Task goal =>
Please write out every record below exactly as it stands.

Input data =>
lemma completely_elliptic_plane_iff:
  fixes S :: "(real^3) set"
  assumes "subspace S" "dim S = 2"
  shows "completely_elliptic S \<longleftrightarrow>
           (\<exists>a\<in>S. \<exists>b\<in>S. (\<forall>i. (a$i)^2 + (b$i)^2 = 1) \<and> a \<times> b \<noteq> 0)"
proof
  assume "completely_elliptic S"
  then obtain cs :: "(real^3) list" where cs: "length cs = 2" "set cs \<subseteq> S"
      "\<forall>i. (\<Sum>j<length cs. (cs ! j $ i)^2) = 1" "dim (span (set cs)) = 2"
    using assms(2) unfolding completely_elliptic_def by auto
  then obtain a b where "cs = [a, b]"
    by (metis length_0_conv length_Suc_conv numeral_2_eq_2)
  with cs have "a \<in> S" "b \<in> S" "\<forall>i. (a$i)^2 + (b$i)^2 = 1" "a \<times> b \<noteq> 0"
    by (simp_all add: dim_span_pair_eq_2_iff)
  then show "\<exists>a\<in>S. \<exists>b\<in>S. (\<forall>i. (a$i)^2 + (b$i)^2 = 1) \<and> a \<times> b \<noteq> 0"
    by blast
next
  assume "\<exists>a\<in>S. \<exists>b\<in>S. (\<forall>i. (a$i)^2 + (b$i)^2 = 1) \<and> a \<times> b \<noteq> 0"
  then obtain a b where "a \<in> S" "b \<in> S" "\<forall>i. (a$i)^2 + (b$i)^2 = 1" "a \<times> b \<noteq> 0"
    by blast
  moreover have "dim {a, b} = 2"
    using \<open>a \<times> b \<noteq> 0\<close> dim_span_pair_eq_2_iff by blast
  ultimately show "completely_elliptic S"
    using assms unfolding completely_elliptic_def
    by (intro conjI exI[of _ "[a, b]"]) simp_all
qed

lemma completely_elliptic_plane_iff_unit_row_frame:
  fixes S :: "(real^3) set"
  assumes "subspace S" "dim S = 2" "w \<noteq> 0" "\<forall>x\<in>S. w \<bullet> x = 0"
  shows "completely_elliptic S \<longleftrightarrow> (\<exists>a b. unit_row_frame w a b)"
proof -
  have "S = {x. w \<bullet> x = 0}"
  proof (rule subspace_dim_equal)
    show "dim {x. w \<bullet> x = 0} \<le> dim S"
      using dim_hyperplane[OF assms(3)] assms(2) by simp
  qed (use assms(1,4) subspace_hyperplane in auto)
  then show ?thesis
    unfolding completely_elliptic_plane_iff[OF assms(1,2)] unit_row_frame_def
    by (simp only: mem_Collect_eq Bex_def) blast
qed

theorem mainTheorem3:
  shows "(\<forall>S :: (real^3) set. subspace S \<and> dim S = 1 \<longrightarrow>
            (completely_elliptic S \<longleftrightarrow>
               S \<in> {span {vector [1,1,1]}, span {vector [-1,1,1]},
                     span {vector [1,-1,1]}, span {vector [1,1,-1]}}))
       \<and> (\<forall>(S :: (real^3) set) (w :: real^3).
            subspace S \<and> dim S = 2 \<and> norm w = 1 \<and> (\<forall>x\<in>S. w \<bullet> x = 0) \<longrightarrow>
            (completely_elliptic S \<longleftrightarrow>
               ((w$1 + w$2 - w$3) * (w$1 - w$2 + w$3) * (- w$1 + w$2 + w$3) * (w$1 + w$2 + w$3) > 0
                \<or> (\<exists>v \<in> {vector [0,1,1], vector [0,1,-1], vector [1,0,1],
                            vector [1,0,-1], vector [1,1,0], vector [1,-1,0]}.
                      \<exists>c::real. w = c *\<^sub>R v))))"
proof (intro conjI allI impI)
  fix S :: "(real^3) set"
  assume "subspace S \<and> dim S = 1"
  then show "completely_elliptic S \<longleftrightarrow>
               S \<in> {span {vector [1,1,1]}, span {vector [-1,1,1]},
                     span {vector [1,-1,1]}, span {vector [1,1,-1]}}"
    by (simp add: completely_elliptic_line_iff span_unit_entries_iff)
next
  fix S :: "(real^3) set" and w :: "real^3"
  assume S: "subspace S \<and> dim S = 2 \<and> norm w = 1 \<and> (\<forall>x\<in>S. w \<bullet> x = 0)"
  then have "completely_elliptic S \<longleftrightarrow> (\<exists>a b. unit_row_frame w a b)"
    by (intro completely_elliptic_plane_iff_unit_row_frame) auto
  also have "\<dots> \<longleftrightarrow> heron_product (w$1) (w$2) (w$3) > 0 \<or> degenerate_normal w"
    using S by (simp add: unit_row_frame_exists_iff)
  finally show "completely_elliptic S \<longleftrightarrow>
               ((w$1 + w$2 - w$3) * (w$1 - w$2 + w$3) * (- w$1 + w$2 + w$3) * (w$1 + w$2 + w$3) > 0
                \<or> (\<exists>v \<in> {vector [0,1,1], vector [0,1,-1], vector [1,0,1],
                            vector [1,0,-1], vector [1,1,0], vector [1,-1,0]}.
                      \<exists>c::real. w = c *\<^sub>R v))"
    unfolding heron_product_def degenerate_normal_def .
qed

end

Answer for the task =>
lemma completely_elliptic_plane_iff:
  fixes S :: "(real^3) set"
  assumes "subspace S" "dim S = 2"
  shows "completely_elliptic S \<longleftrightarrow>
           (\<exists>a\<in>S. \<exists>b\<in>S. (\<forall>i. (a$i)^2 + (b$i)^2 = 1) \<and> a \<times> b \<noteq> 0)"
proof
  assume "completely_elliptic S"
  then obtain cs :: "(real^3) list" where cs: "length cs = 2" "set cs \<subseteq> S"
      "\<forall>i. (\<Sum>j<length cs. (cs ! j $ i)^2) = 1" "dim (span (set cs)) = 2"
    using assms(2) unfolding completely_elliptic_def by auto
  then obtain a b where "cs = [a, b]"
    by (metis length_0_conv length_Suc_conv numeral_2_eq_2)
  with cs have "a \<in> S" "b \<in> S" "\<forall>i. (a$i)^2 + (b$i)^2 = 1" "a \<times> b \<noteq> 0"
    by (simp_all add: dim_span_pair_eq_2_iff)
  then show "\<exists>a\<in>S. \<exists>b\<in>S. (\<forall>i. (a$i)^2 + (b$i)^2 = 1) \<and> a \<times> b \<noteq> 0"
    by blast
next
  assume "\<exists>a\<in>S. \<exists>b\<in>S. (\<forall>i. (a$i)^2 + (b$i)^2 = 1) \<and> a \<times> b \<noteq> 0"
  then obtain a b where "a \<in> S" "b \<in> S" "\<forall>i. (a$i)^2 + (b$i)^2 = 1" "a \<times> b \<noteq> 0"
    by blast
  moreover have "dim {a, b} = 2"
    using \<open>a \<times> b \<noteq> 0\<close> dim_span_pair_eq_2_iff by blast
  ultimately show "completely_elliptic S"
    using assms unfolding completely_elliptic_def
    by (intro conjI exI[of _ "[a, b]"]) simp_all
qed

lemma completely_elliptic_plane_iff_unit_row_frame:
  fixes S :: "(real^3) set"
  assumes "subspace S" "dim S = 2" "w \<noteq> 0" "\<forall>x\<in>S. w \<bullet> x = 0"
  shows "completely_elliptic S \<longleftrightarrow> (\<exists>a b. unit_row_frame w a b)"
proof -
  have "S = {x. w \<bullet> x = 0}"
  proof (rule subspace_dim_equal)
    show "dim {x. w \<bullet> x = 0} \<le> dim S"
      using dim_hyperplane[OF assms(3)] assms(2) by simp
  qed (use assms(1,4) subspace_hyperplane in auto)
  then show ?thesis
    unfolding completely_elliptic_plane_iff[OF assms(1,2)] unit_row_frame_def
    by (simp only: mem_Collect_eq Bex_def) blast
qed

theorem mainTheorem3:
  shows "(\<forall>S :: (real^3) set. subspace S \<and> dim S = 1 \<longrightarrow>
            (completely_elliptic S \<longleftrightarrow>
               S \<in> {span {vector [1,1,1]}, span {vector [-1,1,1]},
                     span {vector [1,-1,1]}, span {vector [1,1,-1]}}))
       \<and> (\<forall>(S :: (real^3) set) (w :: real^3).
            subspace S \<and> dim S = 2 \<and> norm w = 1 \<and> (\<forall>x\<in>S. w \<bullet> x = 0) \<longrightarrow>
            (completely_elliptic S \<longleftrightarrow>
               ((w$1 + w$2 - w$3) * (w$1 - w$2 + w$3) * (- w$1 + w$2 + w$3) * (w$1 + w$2 + w$3) > 0
                \<or> (\<exists>v \<in> {vector [0,1,1], vector [0,1,-1], vector [1,0,1],
                            vector [1,0,-1], vector [1,1,0], vector [1,-1,0]}.
                      \<exists>c::real. w = c *\<^sub>R v))))"
proof (intro conjI allI impI)
  fix S :: "(real^3) set"
  assume "subspace S \<and> dim S = 1"
  then show "completely_elliptic S \<longleftrightarrow>
               S \<in> {span {vector [1,1,1]}, span {vector [-1,1,1]},
                     span {vector [1,-1,1]}, span {vector [1,1,-1]}}"
    by (simp add: completely_elliptic_line_iff span_unit_entries_iff)
next
  fix S :: "(real^3) set" and w :: "real^3"
  assume S: "subspace S \<and> dim S = 2 \<and> norm w = 1 \<and> (\<forall>x\<in>S. w \<bullet> x = 0)"
  then have "completely_elliptic S \<longleftrightarrow> (\<exists>a b. unit_row_frame w a b)"
    by (intro completely_elliptic_plane_iff_unit_row_frame) auto
  also have "\<dots> \<longleftrightarrow> heron_product (w$1) (w$2) (w$3) > 0 \<or> degenerate_normal w"
    using S by (simp add: unit_row_frame_exists_iff)
  finally show "completely_elliptic S \<longleftrightarrow>
               ((w$1 + w$2 - w$3) * (w$1 - w$2 + w$3) * (- w$1 + w$2 + w$3) * (w$1 + w$2 + w$3) > 0
                \<or> (\<exists>v \<in> {vector [0,1,1], vector [0,1,-1], vector [1,0,1],
                            vector [1,0,-1], vector [1,1,0], vector [1,-1,0]}.
                      \<exists>c::real. w = c *\<^sub>R v))"
    unfolding heron_product_def degenerate_normal_def .
qed

end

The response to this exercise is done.